The following query will use a lexicographic search as both of the range values are strings that do not contain numeric values. Note that this query is inclusive of A, but exclusive of B.

SQL

SELECT * FROM rngsearch1 
WHERE MATCH (TABLE rngsearch1) AGAINST ('col1:[A TO B}');

This query will use a numeric search as both the values "2008" and "2020" can be parsed numerically.

SQL

SELECT * FROM rngsearch1 
WHERE MATCH (TABLE rngsearch1) AGAINST ('col1:{"2008" TO "2020"}');

It is possible to force a lexicographic search on a numeric-style range clause. To do so, surround the numeric upper and lower bounds with the '$' character. The following query will use a lexicographic search.

SQL

SELECT * FROM rngsearch1 
WHERE MATCH (TABLE rngsearch1) AGAINST ('col1:[$2008$ TO $2020$]'

`ORDER BY … LIMIT` Optimization

Full-text search queries can take advantage of an optimization that pushes down the value of LIMIT in an ORDER BY … LIMIT query into the full-text index search. This optimization will reduce the number of results returned from the full-text index search which can increase query performance.

For this optimization to work, the query must follow these rules:

The WHERE clause must either be empty or the expression in the WHERE clause must be the same full-text expression that is in the ORDER BY clause.
The ORDER BY clause must use DESC sort order.
There must be only one full-text search function (MATCH, BM25, or BM25_GLOBAL) in the query.

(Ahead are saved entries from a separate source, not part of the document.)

(* Let $k\in\mathbb{N}$. For every $\mathbf{f}=(f_1,f_2)\in (C^\infty[-1,1])^2$, \[ \operatorname{Re}\langle\tilde{\mathbf{L}}_\square\mathbf{f},\mathbf{f}\rangle_k\le-\frac12\|\mathbf{f}\|_k^2, \] where $\tilde{\mathbf{L}}_\square\mathbf{f}=\big(f_2-yf_1'-f_1(-1),\ -f_2-yf_2'+f_1''\big)$.
   Context: Sesquilinear forms on pairs of functions on $[-1,1]$: $\langle\mathbf{f},\mathbf{g}\rangle_0:=f_1(-1)\overline{g_1(-1)}+\langle f_1,g_1\rangle_{\dot H^1(-1,1)}+\langle f_2,g_2\rangle_{L^2(-1,1)}$ and $\langle\mathbf{f},\mathbf{g}\rangle_k:=\langle\mathbf{f},\mathbf{g}\rangle_0+\langle f_1,g_1\rangle_{\dot H^{k+1}(-1,1)}+\langle f_2,g_2\rangle_{\dot H^k(-1,1)}$, with $\|\mathbf{f}\|_k^2=\langle\mathbf{f},\mathbf{f}\rangle_k$. Here $f_1(-1)$ in the first component of $\tilde{\mathbf{L}}_\square\mathbf{f}$ denotes the constant function. *)

theory Defs
  imports "HOL-Analysis.Analysis"
begin

fun nderiv :: "nat \<Rightarrow> (real \<Rightarrow> complex) \<Rightarrow> real \<Rightarrow> complex" where
  "nderiv 0 g = g"
| "nderiv (Suc n) g = (\<lambda>y. vector_derivative (nderiv n g) (at y within {-1..1}))"

definition smooth_on_I :: "(real \<Rightarrow> complex) \<Rightarrow> bool" where
  "smooth_on_I g \<longleftrightarrow> (\<forall>n. \<forall>y\<in>{-1..1}. nderiv n g differentiable (at y within {-1..1}))"

definition Hdot_inner :: "nat \<Rightarrow> (real \<Rightarrow> complex) \<Rightarrow> (real \<Rightarrow> complex) \<Rightarrow> complex" where
  "Hdot_inner m f g = integral {-1..1} (\<lambda>y. nderiv m f y * cnj (nderiv m g y))"

definition inner0 :: "(real \<Rightarrow> complex) \<times> (real \<Rightarrow> complex) \<Rightarrow> (real \<Rightarrow> complex) \<times> (real \<Rightarrow> complex) \<Rightarrow> complex" where
  "inner0 f g = fst f (-1) * cnj (fst g (-1)) + Hdot_inner 1 (fst f) (fst g) + Hdot_inner 0 (snd f) (snd g)"

definition innerk :: "nat \<Rightarrow> (real \<Rightarrow> complex) \<times> (real \<Rightarrow> complex) \<Rightarrow> (real \<Rightarrow> complex) \<times> (real \<Rightarrow> complex) \<Rightarrow> complex" where
  "innerk k f g = inner0 f g + Hdot_inner (k+1) (fst f) (fst g) + Hdot_inner k (snd f) (snd g)"

definition normk :: "nat \<Rightarrow> (real \<Rightarrow> complex) \<times> (real \<Rightarrow> complex) \<Rightarrow> real" where
  "normk k f = sqrt (Re (innerk k f f))"

definition Lsq :: "(real \<Rightarrow> complex) \<times> (real \<Rightarrow> complex) \<Rightarrow> (real \<Rightarrow> complex) \<times> (real \<Rightarrow> complex)" where
  "Lsq f = ((\<lambda>y. snd f y - complex_of_real y * nderiv 1 (fst f) y - fst f (-1)),
            (\<lambda>y. - snd f y - complex_of_real y * nderiv 1 (snd f) y + nderiv 2 (fst f) y))"

end

theory Submission
  imports Defs
begin

text \<open>Differentiating the first component of \<open>\<tilde>L\<^sub>\<box>f\<close> \<open>m\<close> times and the second one
  \<open>m - 1\<close> times gives the transport system \<open>(v' - y u' - m u, u' - y v' - m v)\<close> in
  \<open>u = \<partial>\<^sup>m f\<^sub>1\<close>, \<open>v = \<partial>\<^sup>m\<^sup>-\<^sup>1 f\<^sub>2\<close>. Pairing it with \<open>(u, v)\<close> and integrating by parts
  yields the bulk term \<open>-(m - 1/2) (\<parallel>u\<parallel>\<^sup>2 + \<parallel>v\<parallel>\<^sup>2)\<close> and the boundary terms
  \<open>-|u - v|\<^sup>2/2\<close> at \<open>y = 1\<close> and \<open>-|u + v|\<^sup>2/2\<close> at \<open>y = -1\<close>. The form \<open>\<langle>\<cdot>,\<cdot>\<rangle>\<^sub>k\<close>
  consists of the levels \<open>m = 1\<close> and \<open>m = k + 1\<close> and a point evaluation at \<open>-1\<close>. There
  the first component of \<open>\<tilde>L\<^sub>\<box>f\<close> equals \<open>u + v - f\<^sub>1(-1)\<close> (level \<open>m = 1\<close>), so the
  boundary term \<open>-|u + v|\<^sup>2/2\<close> absorbs the point term and leaves \<open>-|f\<^sub>1(-1)|\<^sup>2/2\<close>.\<close>

declare nderiv.simps(2) [simp del]

lemma has_vector_derivative_nderiv:
  assumes "smooth_on_I g" "y \<in> {-1..1}"
  shows "(nderiv n g has_vector_derivative nderiv (Suc n) g y) (at y within {-1..1})"
  using assms unfolding smooth_on_I_def by (simp add: nderiv.simps(2) vector_derivative_works[symmetric])

lemma continuous_on_nderiv:
  assumes "smooth_on_I g"
  shows "continuous_on {-1..1} (nderiv n g)"
  using assms unfolding smooth_on_I_def
  by (meson continuous_on_eq_continuous_within differentiable_imp_continuous_within)

lemma nderiv_eqI:
  assumes "\<And>y. y \<in> {-1..1} \<Longrightarrow> h y = F 0 y"
    and "\<And>j y. y \<in> {-1..1} \<Longrightarrow> (F j has_vector_derivative F (Suc j) y) (at y within {-1..1})"
    and "y \<in> {-1..1}"
  shows "nderiv n h y = F n y"
  using assms(3)
proof (induction n arbitrary: y)
  case 0
  then show ?case using assms(1) by simp
next
  case (Suc n)
  have "(nderiv n h has_vector_derivative F (Suc n) y) (at y within {-1..1})"
    by (rule has_vector_derivative_transform_within[OF assms(2)[OF Suc.prems], where d=1])
       (use Suc in auto)
  then show ?case
    using vector_derivative_within_closed_interval[of "-1" 1 y] Suc.prems by (simp add: nderiv.simps(2))
qed

text \<open>The commutator rule \<open>\<partial>\<^sup>n (y \<partial>) = y \<partial>\<^sup>n\<^sup>+\<^sup>1 + n \<partial>\<^sup>n\<close>.\<close>
lemma nderiv_minus_dilation:
  assumes f: "smooth_on_I f"
    and H: "\<And>j y. y \<in> {-1..1} \<Longrightarrow> (H j has_vector_derivative H (Suc j) y) (at y within {-1..1})"
    and y: "y \<in> {-1..1}"
  shows "nderiv n (\<lambda>y. H 0 y - of_real y * nderiv 1 f y) y
       = H n y - of_real y * nderiv (Suc n) f y - of_nat n * nderiv n f y"
proof (rule nderiv_eqI[where F = "\<lambda>j y. H j y - of_real y * nderiv (Suc j) f y - of_nat j * nderiv j f y"])
  fix j and x :: real
  assume x: "x \<in> {-1..1}"
  have ident: "((\<lambda>y. complex_of_real y) has_vector_derivative 1) (at x within {-1..1})"
    using has_vector_derivative_of_real[OF DERIV_ident] by simp
  have "((\<lambda>y. H j y - of_real y * nderiv (Suc j) f y - of_nat j * nderiv j f y) has_vector_derivative
      H (Suc j) x - (of_real x * nderiv (Suc (Suc j)) f x + 1 * nderiv (Suc j) f x)
        - of_nat j * nderiv (Suc j) f x) (at x within {-1..1})"
    by (intro has_vector_derivative_diff has_vector_derivative_mult has_vector_derivative_mult_right
        ident H x has_vector_derivative_nderiv f)
  then show "((\<lambda>y. H j y - of_real y * nderiv (Suc j) f y - of_nat j * nderiv j f y) has_vector_derivative
      H (Suc j) x - of_real x * nderiv (Suc (Suc j)) f x - of_nat (Suc j) * nderiv (Suc j) f x)
      (at x within {-1..1})"
    by (rule has_vector_derivative_eq_rhs) (simp add: algebra_simps)
qed (use y in auto)

lemma Hdot_inner_nderiv: "Hdot_inner m f g = Hdot_inner 0 (nderiv m f) (nderiv m g)"
  by (simp add: Hdot_inner_def)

Refer to Example ORDER BY … LIMIT and Full-text ORDER BY LIMIT Optimization for examples.

Relevancy Score

The relevancy score of an expression in a MATCH statement denotes the ranking of the expression based on the following factors:

Number of times an expression appears in a column. More occurrences of an expression in the matched column(s) increases its relevancy score.
Rarity of the expression. Rare words have a higher relevancy score than commonly used words.
The length of the column containing the expression. A column with a short expression has a higher relevancy score than a column with a long expression.

BM25 Scoring

Full-text search version 2 supports BM25 scoring for. Refer to BM25 for more information.

Status

The Alloc_fts2_svc status variables is the number of allocated bytes (out of the total max_memory) that is attributable to the next-generation (VERSION 2) full-text subprocess.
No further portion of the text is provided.